First, at the time of starting, the heater 19 is energized to be heated. At this time, air discharged from the compressor is sucked into the first mixing chamber 13 via the inlet 15, and methanol from a fuel tank (not shown) is injected into the first mixing chamber 13 via the methanol injector 17. The methanol and air are heated by the heater 19 during heating and burned. Further, methanol and air are sucked into the combustion catalyst 53, and the oxidation reaction is promoted by the honeycomb of the combustion catalyst 53, and the combustion is performed. Next, the unburned methanol and air are sucked into the combustion catalyst 61 from the second mixing chamber 55, and the oxidation reaction is promoted by the honeycomb of the combustion catalyst 61, and the burned exhaust gas is exhausted from the exhaust pipe 31 to the atmosphere. .

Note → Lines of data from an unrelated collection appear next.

(* Let $p_1\in[0,1]$ and let $PG_n$ be the random pentagonal chain network described in the context. Then for every $n\geq 1$, $$\mathbb{E}\big(S(PG_{n})\big)=(60-20p_{1})n^{3}+(60p_{1}+7)n^{2}-(40p_{1}+7)n.$$
   Context: Random chain network $PG_n$: $PG_1$ is a $5$-cycle (pentagon). For $n\ge 1$, $PG_{n+1}$ is obtained from $PG_n$ by adding a new pentagon $O_{n+1}$ with vertices $x_1,x_2,x_3,x_4,x_5$ in cyclic (clockwise) order and adding one edge joining $x_1$ to a vertex $u_n$ of $PG_n$. The vertex $u_1$ is any vertex of $PG_1$ (all are equivalent). For $n\ge 2$, $u_n$ is a vertex of the last pentagon $O_n$ (whose vertex $x_1$ is the one joined to $u_{n-1}$): with probability $p_1$ one takes $u_n\in\{x_2,x_5\}$ of $O_n$ (the two neighbours of $x_1$ in $O_n$), and with probability $p_2=1-p_1$ one takes $u_n\in\{x_3,x_4\}$ of $O_n$ (the two vertices at distance $2$ from $x_1$ in $O_n$); $p_1,p_2$ do not depend on the step. Thus $PG_n$ has $5n$ vertices. For a graph $G$, $d(v)$ denotes the degree of vertex $v$ and $d(u,v)$ the shortest-path distance. The Schultz index is $S(G)=\sum_{\{u,v\}\subseteq V_G} \big(d(u)+d(v)\big)\,d(u,v)$, the sum over unordered pairs of distinct vertices. *)

theory Defs
  imports Complex_Main
begin

text \<open>
  Pentagon O_(k+1) (1-based) is encoded by index k (0-based, k < n); its vertices
  x_1,...,x_5 are encoded as (k,0),...,(k,4) in cyclic order.
  The random choices are a list cs of length n-2: for 0-based pentagon k >= 2,
  vertex (k,0) (= x_1 of O_(k+1)) is joined to (k-1, cs!(k-2)), i.e. to u_k = x_(c+1) of O_k,
  where c = cs!(k-2) is in {1,2,3,4}.  For k = 1, (1,0) is joined to (0,0)
  (u_1 is an arbitrary vertex of PG_1; all are equivalent).
  Choice c in {1,4} (x_2 or x_5) has probability p1/2 each, c in {2,3} (x_3 or x_4)
  has probability p2/2 = (1-p1)/2 each; choices are independent.
\<close>

definition pg_vertices :: "nat \<Rightarrow> (nat \<times> nat) set" where
  "pg_vertices n = {(k, j). k < n \<and> j < 5}"

definition pg_adj :: "nat \<Rightarrow> nat list \<Rightarrow> nat \<times> nat \<Rightarrow> nat \<times> nat \<Rightarrow> bool" where
  "pg_adj n cs a b \<longleftrightarrow> a \<in> pg_vertices n \<and> b \<in> pg_vertices n \<and>
     ((fst a = fst b \<and> (snd b = (snd a + 1) mod 5 \<or> snd a = (snd b + 1) mod 5))
      \<or> (fst b = 1 \<and> snd b = 0 \<and> a = (0, 0))
      \<or> (fst a = 1 \<and> snd a = 0 \<and> b = (0, 0))
      \<or> (fst b \<ge> 2 \<and> snd b = 0 \<and> a = (fst b - 1, cs ! (fst b - 2)))
      \<or> (fst a \<ge> 2 \<and> snd a = 0 \<and> b = (fst a - 1, cs ! (fst a - 2))))"

definition pg_edges :: "nat \<Rightarrow> nat list \<Rightarrow> ((nat \<times> nat) \<times> (nat \<times> nat)) set" where
  "pg_edges n cs = {(a, b). pg_adj n cs a b}"

definition pg_deg :: "nat \<Rightarrow> nat list \<Rightarrow> nat \<times> nat \<Rightarrow> nat" where
  "pg_deg n cs v = card {w \<in> pg_vertices n. pg_adj n cs v w}"

definition pg_dist :: "nat \<Rightarrow> nat list \<Rightarrow> nat \<times> nat \<Rightarrow> nat \<times> nat \<Rightarrow> nat" where
  "pg_dist n cs u v = (LEAST k. (u, v) \<in> (pg_edges n cs) ^^ k)"

text \<open>Schultz index: sum over unordered pairs of distinct vertices
  (each unordered pair counted once = half the sum over ordered pairs).\<close>
definition pg_schultz :: "nat \<Rightarrow> nat list \<Rightarrow> real" where
  "pg_schultz n cs = (1/2) * (\<Sum>u\<in>pg_vertices n. \<Sum>v\<in>pg_vertices n - {u}.
      real ((pg_deg n cs u + pg_deg n cs v) * pg_dist n cs u v))"

definition choice_prob :: "real \<Rightarrow> nat \<Rightarrow> real" where
  "choice_prob p1 c = (if c = 1 \<or> c = 4 then p1 / 2 else (1 - p1) / 2)"

definition choice_seqs :: "nat \<Rightarrow> nat list set" where
  "choice_seqs n = {cs. length cs = n - 2 \<and> set cs \<subseteq> {1, 2, 3, 4}}"

definition expected_schultz :: "real \<Rightarrow> nat \<Rightarrow> real" where
  "expected_schultz p1 n =
     (\<Sum>cs\<in>choice_seqs n. (\<Prod>c\<leftarrow>cs. choice_prob p1 c) * pg_schultz n cs)"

Next, during normal operation, air discharged from the compressor is sucked into the first mixing chamber 13 through the inlet 15 and passes through the heater 19 and the first combustion catalyst 53 to the second mixing chamber 55. Inflow. At the same time, the exhaust reformed gas discharged from the fuel electrode of the stack is sucked into the second mixing chamber 55 through the inlet 57, and the exhaust air discharged from the air electrode of the stack is discharged into the second mixing chamber 55 through the inlet 59. And these gases are mixed. Further, the air in the second mixing chamber 55, the exhaust reformed gas, and the exhaust air are sucked into the second combustion catalyst 61, and the oxidation reaction is promoted by the second combustion catalyst 55, and the exhaust gas is discharged from the exhaust pipe 31 to the atmosphere. Exhausted.

As a result, the effects of the second embodiment are the same as those of the first embodiment, and the honeycomb (carrier) of the combustion catalyst is constituted by arranging a plurality of combustion catalysts in series in multiple stages. ) And the catalyst washcoat can be optimally arranged in consideration of the three points of the temperature rising property, the durability, and the pressure loss performance.

[Brief description of the drawings]

FIG. 1 is a diagram showing a configuration of a combustor of a fuel cell system according to a first embodiment of the present invention.

FIG. 2 is a diagram showing a configuration of a combustor of a fuel cell system according to a second embodiment of the present invention.

FIG. 3 is a diagram showing a configuration of a combustor of a conventional fuel cell system.

[Explanation of symbols]

 13 First mixing chamber 15,25,27,57,59 Inlet 17 Methanol injector 19 Heater 21 Temperature sensor 23,55 Second mixing chamber 29 Combustion catalyst 31 Exhaust pipe 53 First combustion catalyst 61 Second combustion catalyst

Claims (2)

[Claims] 1. A heater for heating fuel and air supplied from outside, a fuel and air provided downstream of the heater and heated by the heater, a reformed gas discharged from the fuel cell, and a discharged gas. A combustor for a fuel cell system, comprising: a mixing chamber that mixes air; and a combustion catalyst that promotes an oxidation reaction by a mixed gas from the mixing chamber and burns. 2. A heater for heating fuel and air supplied from the outside, a first combustion catalyst for promoting oxidation by the fuel and air heated by the heater and burning, and a downstream side of the heater. A mixing chamber provided for mixing the combustion gas from the first combustion catalyst, the exhaust reformed gas discharged from the fuel cell, and the exhaust air; and promoting combustion by the oxidation reaction of the mixed gas from the mixing chamber. A combustor for a fuel cell system, comprising: a second combustion catalyst.